What you will do.
Look through the material below. Return exactly the lines from the one with "using r by (simp" through the one with "l) = (\<Sum>a<m.", both included.

---------- Study material ----------

lemma sum_lessThan_mult_nat:
  "(\<Sum>c<m * n. f c) = (\<Sum>a<m. \<Sum>b<n. f (a * n + b :: nat))"
proof -
  have "(\<Sum>b<n. f (a * n + b)) = (\<Sum>c = a * n..<a * n + n. f c)" for a
    using sum.shift_bounds_nat_ivl[of f 0 "a * n" n] by (simp add: atLeast0LessThan add.commute)
  then show ?thesis by (simp add: sum.nat_group)
qed

lemma kron_carrier: "kron P Q \<in> carrier_mat (dim_row P * dim_row Q) (dim_col P * dim_col Q)"
  unfolding kron_def by simp

lemma index_kron:
  "r < dim_row P * dim_row Q \<Longrightarrow> c < dim_col P * dim_col Q \<Longrightarrow>
    kron P Q $$ (r, c) = P $$ (r div dim_row Q, c div dim_col Q) * Q $$ (r mod dim_row Q, c mod dim_col Q)"
  unfolding kron_def by simp

lemma index_kron_mult_vec:
  fixes P Q :: "'a :: comm_semiring_1 mat"
  assumes r: "r < dim_row P * dim_row Q" and y: "y \<in> carrier_vec (dim_col P * dim_col Q)"
  shows "(kron P Q *\<^sub>v y) $ r = (\<Sum>a<dim_col P. \<Sum>b<dim_col Q.
      P $$ (r div dim_row Q, a) * Q $$ (r mod dim_row Q, b) * y $ (a * dim_col Q + b))"
proof -
  have "(kron P Q *\<^sub>v y) $ r = (\<Sum>c<dim_col P * dim_col Q. kron P Q $$ (r, c) * y $ c)"
    using r y kron_carrier[of P Q] by (simp add: scalar_prod_def row_def atLeast0LessThan)
  then show ?thesis
    using r by (simp add: sum_lessThan_mult_nat index_kron block_index_less)
qed

lemma Atil_carrier: "A \<in> carrier_mat n n \<Longrightarrow> Atil m A \<in> carrier_mat (m * n) (m * n)"
  unfolding Atil_def using kron_carrier[of "1\<^sub>m m" A] by simp

lemma block_vec_Atil_mult:
  assumes A: "A \<in> carrier_mat n n" and y: "y \<in> carrier_vec (m * n)" and i: "i < m"
  shows "block_vec n (Atil m A *\<^sub>v y) i = A *\<^sub>v block_vec n y i"
proof (rule eq_vecI)
  fix l assume "l < dim_vec (A *\<^sub>v block_vec n y i)"
  then have l: "l < n" using A by simp
  have "(Atil m A *\<^sub>v y) $ (i * n + l) = (\<Sum>a<m. \<Sum>b<n. 1\<^sub>m m $$ (i, a) * A $$ (l, b) * y $ (a * n + b))"
    unfolding Atil_def using index_kron_mult_vec[of "i * n + l" "1\<^sub>m m" A y] block_index_less[OF i l] y A l
    by simp
  also have "\<dots> = (\<Sum>a<m. if a = i then \<Sum>b<n. A $$ (l, b) * y $ (a * n + b) else 0)"
    using i by (intro sum.cong refl) (auto simp: one_mat_def)
  also have "\<dots> = (\<Sum>b<n. A $$ (l, b) * y $ (i * n + b))"
    using i by simp
  also have "\<dots> = (A *\<^sub>v block_vec n y i) $ l"
    using A l by (simp add: scalar_prod_def row_def atLeast0LessThan block_vec_def)
  finally show "block_vec n (Atil m A *\<^sub>v y) i $ l = (A *\<^sub>v block_vec n y i) $ l"
    using l by simp
qed (use A in simp)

----------

Worked solution.
    using r by (simp add: sum_lessThan_mult_nat index_kron block_index_less)
qed

lemma Atil_carrier: "A \<in> carrier_mat n n \<Longrightarrow> Atil m A \<in> carrier_mat (m * n) (m * n)"
  unfolding Atil_def using kron_carrier[of "1\<^sub>m m" A] by simp

lemma block_vec_Atil_mult:
  assumes A: "A \<in> carrier_mat n n" and y: "y \<in> carrier_vec (m * n)" and i: "i < m"
  shows "block_vec n (Atil m A *\<^sub>v y) i = A *\<^sub>v block_vec n y i"
proof (rule eq_vecI)
  fix l assume "l < dim_vec (A *\<^sub>v block_vec n y i)"
  then have l: "l < n" using A by simp
  have "(Atil m A *\<^sub>v y) $ (i * n + l) = (\<Sum>a<m. \<Sum>b<n. 1\<^sub>m m $$ (i, a) * A $$ (l, b) * y $ (a * n + b))"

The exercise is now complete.